[Start of Attachment]

(* Consider the $\mathrm{AND}$ instance with $n$ variables: $f(x)=\bigwedge_{i=1}^n x_i$, the input $x$ uniform on $\{0,1\}^n$, and costs $(c_1,\dots,c_n)$ a uniformly random permutation of $\{1,\dots,n\}$. Then the offline benchmark satisfies $\mathrm{opt}^{\mathrm{avg}}_0=O(1)$, while every zero-error online algorithm has expected cost $\Omega(n)$ on this instance.
   Context: Online priced query model: $f$ is given; the input and the costs are unknown; the algorithm maintains investments $\theta$ (initially $0$), each step increasing one coordinate by a positive amount; $x_i$ is revealed once $\theta_i\ge c_i$; cost is $\|\theta\|_1$ at halting. Offline algorithms know the costs and pay $c_i$ to reveal $x_i$. Zero-error means the output always equals $f(x)$. Expected costs (and $\mathrm{opt}^{\mathrm{avg}}_0$, the optimal expected cost of a zero-error offline algorithm) are taken over the random input, the random costs, and the algorithm's randomness; the implied constants are absolute. *)

theory Defs
  imports "HOL-Probability.Probability" "HOL-Combinatorics.Multiset_Permutations"
begin

text \<open>Inputs are bit lists of length n (indices 0..n-1), cost vectors are lists
  that are permutations of {1..n}; c ! i is the cost of variable i.\<close>

definition Inputs :: "nat \<Rightarrow> bool list set" where
  "Inputs n = {x. length x = n}"

definition Costs :: "nat \<Rightarrow> nat list set" where
  "Costs n = permutations_of_set {1..n}"

definition AND_f :: "bool list \<Rightarrow> bool" where
  "AND_f x = (\<forall>b\<in>set x. b)"

text \<open>A deterministic online algorithm maps the history of observations to an action:
  either invest a positive amount delta in coordinate i (Inl (i, delta)) or halt with an
  output (Inr b).  After each investment the algorithm observes whether the invested
  coordinate is revealed (Some value) or not (None).\<close>

type_synonym on_alg = "bool option list \<Rightarrow> (nat \<times> real) + bool"

fun on_run :: "on_alg \<Rightarrow> bool list \<Rightarrow> nat list \<Rightarrow> nat \<Rightarrow> (nat \<Rightarrow> real) \<times> bool option list" where
  "on_run A x c 0 = ((\<lambda>_. 0), [])"
| "on_run A x c (Suc k) =
     (case on_run A x c k of (\<theta>, h) \<Rightarrow>
        (case A h of
           Inl (i, \<delta>) \<Rightarrow>
             (let \<theta>' = \<theta>(i := \<theta> i + \<delta>)
              in (\<theta>', h @ [if real (c ! i) \<le> \<theta>' i then Some (x ! i) else None]))
         | Inr b \<Rightarrow> (\<theta>, h)))"

definition on_valid :: "nat \<Rightarrow> on_alg \<Rightarrow> bool" where
  "on_valid n A = (\<forall>h i \<delta>. A h = Inl (i, \<delta>) \<longrightarrow> i < n \<and> \<delta> > 0)"

definition on_halts :: "on_alg \<Rightarrow> bool list \<Rightarrow> nat list \<Rightarrow> bool" where
  "on_halts A x c = (\<exists>k b. A (snd (on_run A x c k)) = Inr b)"

definition on_time :: "on_alg \<Rightarrow> bool list \<Rightarrow> nat list \<Rightarrow> nat" where
  "on_time A x c = (LEAST k. \<exists>b. A (snd (on_run A x c k)) = Inr b)"

definition on_output :: "on_alg \<Rightarrow> bool list \<Rightarrow> nat list \<Rightarrow> bool" where
  "on_output A x c = (case A (snd (on_run A x c (on_time A x c))) of Inr b \<Rightarrow> b | Inl _ \<Rightarrow> False)"

definition on_cost :: "on_alg \<Rightarrow> bool list \<Rightarrow> nat list \<Rightarrow> real" where
  "on_cost A x c = (\<Sum>i<length x. fst (on_run A x c (on_time A x c)) i)"

definition on_zero_error :: "nat \<Rightarrow> on_alg \<Rightarrow> bool" where
  "on_zero_error n A = (\<forall>x\<in>Inputs n. \<forall>c\<in>Costs n. on_halts A x c \<and> on_output A x c = AND_f x)"

definition on_exp_cost :: "nat \<Rightarrow> on_alg \<Rightarrow> real" where
  "on_exp_cost n A = (\<Sum>x\<in>Inputs n. \<Sum>c\<in>Costs n. on_cost A x c) / (real (card (Inputs n)) * real (card (Costs n)))"

text \<open>A deterministic offline algorithm knows the cost vector c; given the values revealed so far
  it either queries variable i (Inl i, paying c ! i) or halts with an output (Inr b).\<close>

type_synonym off_alg = "nat list \<Rightarrow> bool list \<Rightarrow> nat + bool"

fun off_run :: "off_alg \<Rightarrow> bool list \<Rightarrow> nat list \<Rightarrow> nat \<Rightarrow> real \<times> bool list" where
  "off_run B x c 0 = (0, [])"
| "off_run B x c (Suc k) =
     (case off_run B x c k of (s, h) \<Rightarrow>
        (case B c h of
           Inl i \<Rightarrow> (s + real (c ! i), h @ [x ! i])
         | Inr b \<Rightarrow> (s, h)))"

definition off_valid :: "nat \<Rightarrow> off_alg \<Rightarrow> bool" where
  "off_valid n B = (\<forall>c h i. B c h = Inl i \<longrightarrow> i < n)"

definition off_halts :: "off_alg \<Rightarrow> bool list \<Rightarrow> nat list \<Rightarrow> bool" where
  "off_halts B x c = (\<exists>k b. B c (snd (off_run B x c k)) = Inr b)"

definition off_time :: "off_alg \<Rightarrow> bool list \<Rightarrow> nat list \<Rightarrow> nat" where
  "off_time B x c = (LEAST k. \<exists>b. B c (snd (off_run B x c k)) = Inr b)"

definition off_output :: "off_alg \<Rightarrow> bool list \<Rightarrow> nat list \<Rightarrow> bool" where
  "off_output B x c = (case B c (snd (off_run B x c (off_time B x c))) of Inr b \<Rightarrow> b | Inl _ \<Rightarrow> False)"

definition off_cost :: "off_alg \<Rightarrow> bool list \<Rightarrow> nat list \<Rightarrow> real" where
  "off_cost B x c = fst (off_run B x c (off_time B x c))"

definition off_zero_error :: "nat \<Rightarrow> off_alg \<Rightarrow> bool" where
  "off_zero_error n B = (\<forall>x\<in>Inputs n. \<forall>c\<in>Costs n. off_halts B x c \<and> off_output B x c = AND_f x)"

definition off_exp_cost :: "nat \<Rightarrow> off_alg \<Rightarrow> real" where
  "off_exp_cost n B = (\<Sum>x\<in>Inputs n. \<Sum>c\<in>Costs n. off_cost B x c) / (real (card (Inputs n)) * real (card (Costs n)))"

text \<open>Optimal expected cost of a zero-error offline algorithm (randomization does not lower
  the infimum, so deterministic algorithms suffice).\<close>
definition opt_avg0 :: "nat \<Rightarrow> real" where
  "opt_avg0 n = Inf {off_exp_cost n B | B. off_valid n B \<and> off_zero_error n B}"

end

theory Submission
  imports Defs
begin

(* Offline, query the variables in increasing order of cost and stop at the first false one.
  The (j+1)-st query, of cost j+1, is made exactly when the j cheapest variables are all true,
  an event of probability 2^-j; so the expected cost is the sum of (j+1)/2^j over j < n,
  which is below 4.

  Online, as long as nothing has been revealed the algorithm only observes None, so its
  investments follow a fixed blind sequence that depends neither on the input nor on the costs.
  A zero-error algorithm cannot halt before revealing something, since it would then give the
  same answer on the all-true and the all-false input.  Each cost c_i is uniform on {1..n},
  so an investment vector with total s reveals something for at most a fraction s/n of the cost
  vectors.  For a fixed input, every cost vector on which the algorithm pays less than n/2 is
  hit by one blind investment vector of total less than n/2 (the latest of the steps these cost
  vectors reach), so at most half of the cost vectors are that cheap. *)

section \<open>Counting inputs and cost permutations\<close>

lemma card_filter_split: "finite A \<Longrightarrow> card A = card {x \<in> A. P x} + card {x \<in> A. \<not> P x}"
  using card_Int_Diff[of A "Collect P"] by (simp add: Int_def set_diff_eq)

lemma sum_ge_threshold_card:
  fixes f :: "'a \<Rightarrow> real"
  assumes "finite S" "\<And>s. s \<in> S \<Longrightarrow> f s \<ge> 0"
  shows "t * card {s \<in> S. t \<le> f s} \<le> (\<Sum>s\<in>S. f s)"
proof -
  have "t * card {s \<in> S. t \<le> f s} = (\<Sum>s\<in>{s \<in> S. t \<le> f s}. t)" by simp
  also have "\<dots> \<le> (\<Sum>s\<in>{s \<in> S. t \<le> f s}. f s)" by (rule sum_mono) simp
  also have "\<dots> \<le> (\<Sum>s\<in>S. f s)" using assms by (intro sum_mono2) auto
  finally show ?thesis .
qed

lemma finite_Inputs: "finite (Inputs n)"
  using finite_lists_length_eq[of "UNIV :: bool set" n] by (simp add: Inputs_def)

lemma card_Inputs: "card (Inputs n) = 2 ^ n"
  using card_lists_length_eq[of "UNIV :: bool set" n] by (simp add: Inputs_def)

lemma finite_Costs: "finite (Costs n)"
  by (simp add: Costs_def)

lemma card_Costs: "card (Costs n) = fact n"
  by (simp add: Costs_def)

lemma Costs_length: "c \<in> Costs n \<Longrightarrow> length c = n"
  unfolding Costs_def using length_finite_permutations_of_set by fastforce

lemma Costs_bij_betw_nth: "c \<in> Costs n \<Longrightarrow> bij_betw ((!) c) {..<n} {1..n}"
  using Costs_length[of c n] by (intro bij_betw_nth) (auto simp: Costs_def permutations_of_set_def)

lemma Costs_nth: "c \<in> Costs n \<Longrightarrow> i < n \<Longrightarrow> c ! i \<in> {1..n}"
  using Costs_bij_betw_nth bij_betwE by blast

lemma map_transpose_Costs:
  assumes "v \<in> {1..n}" "w \<in> {1..n}"
  shows "map (Transposition.transpose v w) ` Costs n = Costs n"
  using permutations_of_set_image_inj[of "Transposition.transpose v w" "{1..n}"] assms
  by (simp add: Costs_def)

lemma card_Costs_nth_eq:
  assumes i: "i < n" and v: "v \<in> {1..n}" and w: "w \<in> {1..n}"
  shows "card {c \<in> Costs n. c ! i = v} = card {c \<in> Costs n. c ! i = w}"
proof -
  let ?\<tau> = "map (Transposition.transpose v w)"
  have "?\<tau> c \<in> {c \<in> Costs n. c ! i = w}" if "c \<in> Costs n" "c ! i = v" for c
    using that map_transpose_Costs[OF v w] Costs_length[of c n] i by auto
  moreover have "?\<tau> c \<in> {c \<in> Costs n. c ! i = v}" if "c \<in> Costs n" "c ! i = w" for c
    using that map_transpose_Costs[OF v w] Costs_length[of c n] i by auto
  moreover have "?\<tau> (?\<tau> c) = c" for c
    by (simp add: map_idI)
  ultimately have "bij_betw ?\<tau> {c \<in> Costs n. c ! i = v} {c \<in> Costs n. c ! i = w}"
    by (intro bij_betw_byWitness[where f' = ?\<tau>]) auto
  then show ?thesis by (rule bij_betw_same_card)
qed

lemma card_Costs_nth_in:
  assumes i: "i < n" and V: "V \<subseteq> {1..n}"
  shows "n * card {c \<in> Costs n. c ! i \<in> V} = card V * card (Costs n)"
proof -
  define N where "N = card {c \<in> Costs n. c ! i = 1}"
  have count: "card {c \<in> Costs n. c ! i \<in> W} = card W * N" if W: "W \<subseteq> {1..n}" for W
  proof -
    have "{c \<in> Costs n. c ! i \<in> W} = (\<Union>v\<in>W. {c \<in> Costs n. c ! i = v})" by auto
    moreover have "finite W" using W finite_subset by blast
    ultimately have "card {c \<in> Costs n. c ! i \<in> W} = (\<Sum>v\<in>W. card {c \<in> Costs n. c ! i = v})"
      by (simp add: card_UN_disjoint finite_Costs disjoint_iff)
    also have "\<dots> = (\<Sum>v\<in>W. N)"
      unfolding N_def using W i by (intro sum.cong refl card_Costs_nth_eq) auto
    finally show ?thesis by simp
  qed
  have "{c \<in> Costs n. c ! i \<in> {1..n}} = Costs n" using Costs_nth i by blast
  then have "card (Costs n) = n * N" using count[of "{1..n}"] by simp
  then show ?thesis using count[OF V] by simp
qed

[End of Attachment]

* _Problem statement_
Find every line in the data above that holds the string "total". Give the number of such lines and nothing else.

* _Task output_
2